The award generally considered the top of the turkey at the Gold Plates would probably have to be Fine and Occasional Dining (includes 5 Star Hotel Restaurants), this year the award was taken out by Windows Restaurant at Burswood International Resort Casino.

This section comes with the most expensive participation fee of $500 and past winners include The Loose Box Restaurant in Mundaring and Louisa’s in Bunbury.

Other awards are less expensive to enter, for example the Hotel and Tavern Dining, won this year by Greenhills Tavern in York, Unlicensed Asia, taken in 200 by Maya Indian Restaurant in Fremantle and the Ray Perry Family Dining Award, scooped by Jetty’s in Sorrento cost entrants only $250.
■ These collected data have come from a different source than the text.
text \<open>A positive recurrent chain admits no such submartingale, since it is bounded by the total
  number of waiting items, which grows by at most one per step.\<close>

lemma positive_recurrent_imp_independent_set_strict:
  assumes n: "n \<ge> 1" and sg: "simple_graph n E" and lam: "\<forall>i\<in>{1..n}. lam i > 0"
    and mp: "matching_policy n E sz s0 Phi" and pr: "positive_recurrent (policy_chain n lam Phi)"
    and ind: "independent_set n E I"
  shows "(\<Sum>i\<in>I. lam i) < (\<Sum>i\<in>(\<Union>k\<in>I. nbrs E k). lam i)"
proof (rule ccontr)
  define P where "P = policy_chain n lam Phi"
  define t where "t s = queue_total n (sz s)" for s
  define f where "f = (\<lambda>s. max 0 (imbalance I (\<Union>k\<in>I. nbrs E k) (sz s)))"
  assume "\<not> ?thesis"
  then have "(\<Sum>i\<in>(\<Union>k\<in>I. nbrs E k). lam i) \<le> (\<Sum>i\<in>I. lam i)" by simp
  then obtain Pf where Pf: "\<And>s. ((\<lambda>y. P s y * f y) has_sum Pf s) UNIV"
    and sub: "\<And>s. f s \<le> Pf s" and strict: "0 < Pf s0"
    using imbalance_submartingale[OF n sg lam mp ind] unfolding P_def f_def by blast
  have I: "I \<subseteq> {1..n}" using ind by (simp add: independent_set_def)
  have f_le: "f s \<le> real (t s)" for s
    using imbalance_le_queue_total[OF I] by (simp add: f_def t_def)
  have "sz s0 = (\<lambda>_. 0)" using mp by (simp add: matching_policy_def)
  then have f0: "f s0 = 0" and t0: "t s0 = 0"
    by (simp_all add: f_def t_def queue_total_def imbalance_def)
  have t_step: "t y \<le> t x + 1" if "0 < P x y" for x y
    using policy_chain_pos_imp_arrival[OF mp that[unfolded P_def] lam] queue_total_step[OF mp]
    by (auto simp: t_def)
  have "positive_recurrent_state P s0"
    using pr by (simp add: P_def positive_recurrent_def)
  from positive_recurrent_no_submartingale[OF stochastic_policy_chain[OF mp n lam, folded P_def] this
      _ f0 f_le t0 t_step Pf sub strict]
  show False by (simp add: f_def)
qed

section \<open>Stability of match-the-longest\<close>

text \<open>Count vectors that can be left unmatched: compatible items are always matched, so the
  classes with waiting items form an independent set.\<close>

definition admissible_counts :: "nat \<Rightarrow> nat set set \<Rightarrow> (nat \<Rightarrow> nat) set" where
  "admissible_counts n E =
     {x. (\<forall>k. k \<notin> {1..n} \<longrightarrow> x k = 0) \<and> (\<forall>i j. 1 \<le> x i \<longrightarrow> 1 \<le> x j \<longrightarrow> {i, j} \<notin> E)}"

text \<open>States are natural numbers, in bijection with the countably infinite set of admissible
  count vectors.\<close>

definition counts_of :: "nat \<Rightarrow> nat set set \<Rightarrow> nat \<Rightarrow> (nat \<Rightarrow> nat)" where
  "counts_of n E = from_nat_into (admissible_counts n E)"

definition state_of :: "nat \<Rightarrow> nat set set \<Rightarrow> (nat \<Rightarrow> nat) \<Rightarrow> nat" where
  "state_of n E = to_nat_on (admissible_counts n E)"

definition longest_nbr_queue :: "nat set set \<Rightarrow> (nat \<Rightarrow> nat) \<Rightarrow> nat \<Rightarrow> nat" where
  "longest_nbr_queue E x i = Max (insert 0 (x ` nbrs E i))"

definition longest_nbr :: "nat set set \<Rightarrow> (nat \<Rightarrow> nat) \<Rightarrow> nat \<Rightarrow> nat" where
  "longest_nbr E x i = (SOME j. j \<in> nbrs E i \<and> x j = longest_nbr_queue E x i)"

definition ml_partner :: "nat set set \<Rightarrow> (nat \<Rightarrow> nat) \<Rightarrow> nat \<Rightarrow> nat option" where
  "ml_partner E x i = (if longest_nbr_queue E x i = 0 then None else Some (longest_nbr E x i))"

definition ml_counts :: "nat set set \<Rightarrow> (nat \<Rightarrow> nat) \<Rightarrow> nat \<Rightarrow> (nat \<Rightarrow> nat)" where
  "ml_counts E x i = (case ml_partner E x i of None \<Rightarrow> x(i := x i + 1) | Some j \<Rightarrow> x(j := x j - 1))"

definition ml_next :: "nat \<Rightarrow> nat set set \<Rightarrow> nat \<Rightarrow> nat \<Rightarrow> nat" where
  "ml_next n E s i = state_of n E (ml_counts E (counts_of n E s) i)"

definition ml_policy :: "nat \<Rightarrow> nat set set \<Rightarrow> nat \<Rightarrow> nat \<Rightarrow> nat option \<Rightarrow> nat \<Rightarrow> real" where
  "ml_policy n E s i j s' = of_bool (j = ml_partner E (counts_of n E s) i \<and> s' = ml_next n E s i)"

lemma countable_admissible_counts: "countable (admissible_counts n E)"
proof (rule countable_image_inj_on)
  show "countable ((\<lambda>x. map x [0..<Suc n]) ` admissible_counts n E)"
    by (rule countable_subset[of _ UNIV]) auto
  show "inj_on (\<lambda>x. map x [0..<Suc n]) (admissible_counts n E)"
  proof (rule inj_onI, rule ext)
    fix x y k
    assume "x \<in> admissible_counts n E" "y \<in> admissible_counts n E" "map x [0..<Suc n] = map y [0..<Suc n]"
    then show "x k = y k"
      by (cases "k \<in> {1..n}") (auto simp: admissible_counts_def map_eq_conv)
  qed
qed

lemma zero_in_admissible_counts: "(\<lambda>_. 0) \<in> admissible_counts n E"
  by (simp add: admissible_counts_def)

lemma admissible_counts_le:
  assumes "x \<in> admissible_counts n E" "\<And>k. y k \<le> x k"
  shows "y \<in> admissible_counts n E"
proof -
  have "1 \<le> x k" if "1 \<le> y k" for k using that assms(2)[of k] by linarith
  moreover have "y k = 0" if "x k = 0" for k using that assms(2)[of k] by simp
  ultimately show ?thesis using assms(1) unfolding admissible_counts_def by blast
qed

lemma admissible_counts_independent:
  "x \<in> admissible_counts n E \<Longrightarrow> 1 \<le> x i \<Longrightarrow> 1 \<le> x j \<Longrightarrow> {i, j} \<notin> E"
  by (simp add: admissible_counts_def)

lemma counts_of_in: "counts_of n E s \<in> admissible_counts n E"
  unfolding counts_of_def by (rule from_nat_into) (use zero_in_admissible_counts in auto)

lemma counts_of_state_of: "x \<in> admissible_counts n E \<Longrightarrow> counts_of n E (state_of n E x) = x"
  by (simp add: counts_of_def state_of_def countable_admissible_counts)

lemma queue_total_eq_0_iff:
  "x \<in> admissible_counts n E \<Longrightarrow> queue_total n x = 0 \<longleftrightarrow> x = (\<lambda>_. 0)"
  by (auto simp: queue_total_def admissible_counts_def fun_eq_iff)

lemma queue_total_pos:
  assumes "queue_total n x \<noteq> 0"
  obtains k where "k \<in> {1..n}" "1 \<le> x k"
  using assms by (auto simp: queue_total_def Suc_le_eq)

lemma queue_total_decrement:
  assumes "k \<in> {1..n}" "1 \<le> x k"
  shows "queue_total n (x(k := x k - 1)) + 1 = queue_total n x"
  using sum_fun_upd_add[of "{1..n}" k x "x k - 1"] assms by (simp add: queue_total_def)

context
  fixes n :: nat and E :: "nat set set"
  assumes n: "n \<ge> 1" and sg: "simple_graph n E"
begin
definition colour_class :: "'n \<Rightarrow> ('v \<times> 'n) multiset \<Rightarrow> 'v multiset" where
  "colour_class j M = image_mset fst {#p \<in># M. snd p = j#}"

lemma colour_class_sum: "colour_class j (\<Sum>l\<in>A. N l) = (\<Sum>l\<in>A. colour_class j (N l))"
  using sum_comp_morphism[of "colour_class j" N A] by (simp add: colour_class_def comp_def)

lemma colour_class_pairs: "colour_class j (image_mset (\<lambda>u. (u, i)) E) = (if i = j then E else {#})"
  unfolding colour_class_def by (induction E) auto

definition coloured_monomial :: "'v uprod list \<Rightarrow> (nat \<Rightarrow> 'n) \<Rightarrow> ('v \<times> 'n) multiset" where
  "coloured_monomial hs \<sigma> = (\<Sum>l<length hs. image_mset (\<lambda>u. (u, \<sigma> l)) (ends (hs ! l)))"

lemma colour_class_coloured_monomial:
  "colour_class j (coloured_monomial hs \<sigma>) = (\<Sum>l | l < length hs \<and> \<sigma> l = j. ends (hs ! l))"
  unfolding coloured_monomial_def colour_class_sum colour_class_pairs
  by (simp add: sum.If_cases Int_def conj_commute)

lemma mset_sum_colour_classes:
  fixes \<sigma> :: "nat \<Rightarrow> 'n::finite"
  shows "mset hs = (\<Sum>j\<in>UNIV. \<Sum>l | l < length hs \<and> \<sigma> l = j. {#hs ! l#})"
proof -
  have "mset hs = (\<Sum>l<length hs. {#hs ! l#})"
    by (induction hs rule: rev_induct) (simp_all add: nth_append)
  also have "\<dots> = (\<Sum>j\<in>UNIV. \<Sum>l | l < length hs \<and> \<sigma> l = j. {#hs ! l#})"
    using sum.group[of "{..<length hs}" "UNIV :: 'n set" \<sigma> "\<lambda>l. {#hs ! l#}"] by simp
  finally show ?thesis .
qed
(* Let $k\ge 1$. Let $G'$ be the instance with a single offline vertex $j$ and two online types, both adjacent only to $j$: - a type of arrival rate $1-\ln 2$ with edge weight $k$ (the "first-class" type); - a type of arrival rate $2\ln 2$ with edge weight $1$ (the "second-class" type). For $t_1\in[0,1]$, let Algorithm 1$(t_1)$ be the online algorithm that: - matches an arriving first-class vertex to $j$ whenever $j$ is unmatched; - matches a second-class vertex arriving at time $t$ to $j$ whenever $j$ is unmatched and $t>t_1$. Then there exists $t_1\in[0,1]$ such that Algorithm 1$(t_1)$ is an optimal online algorithm on $G'$, i.e. it maximizes the expected total matched weight among all online algorithms.
   Context: Edge-weighted online stochastic matching in the Poisson arrival model. Each online type $i$ independently arrives according to a Poisson process of rate $\lambda_i$ on the time horizon $[0,1]$. The online algorithm knows the instance in advance. On each arrival, it must immediately and irrevocably either match the arriving vertex to an unmatched offline neighbor, gaining the edge weight, or discard it. Each offline vertex is matched at most once. The objective is the expected total matched weight. *)

theory Defs
  imports "HOL-Probability.Probability"
begin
Other entry fees range from $300 for Unlicensed Dining to $350 for Restaurants with a Winery (added to the list of categories in 1999) to $400 for Seafood.

The fees are well spent, considering every entrant is judged twice by two anonymous judges who announce neither their arrival, nor their presence at the entered restaurant, and pay the bill at the end of the meal, like any other patron.

And Gold Plate finalists are judged on four different occasions (the people at the Catering Institute really don’t muck around) so in reality, the money spent on entering is pretty well re-cycled back into the till.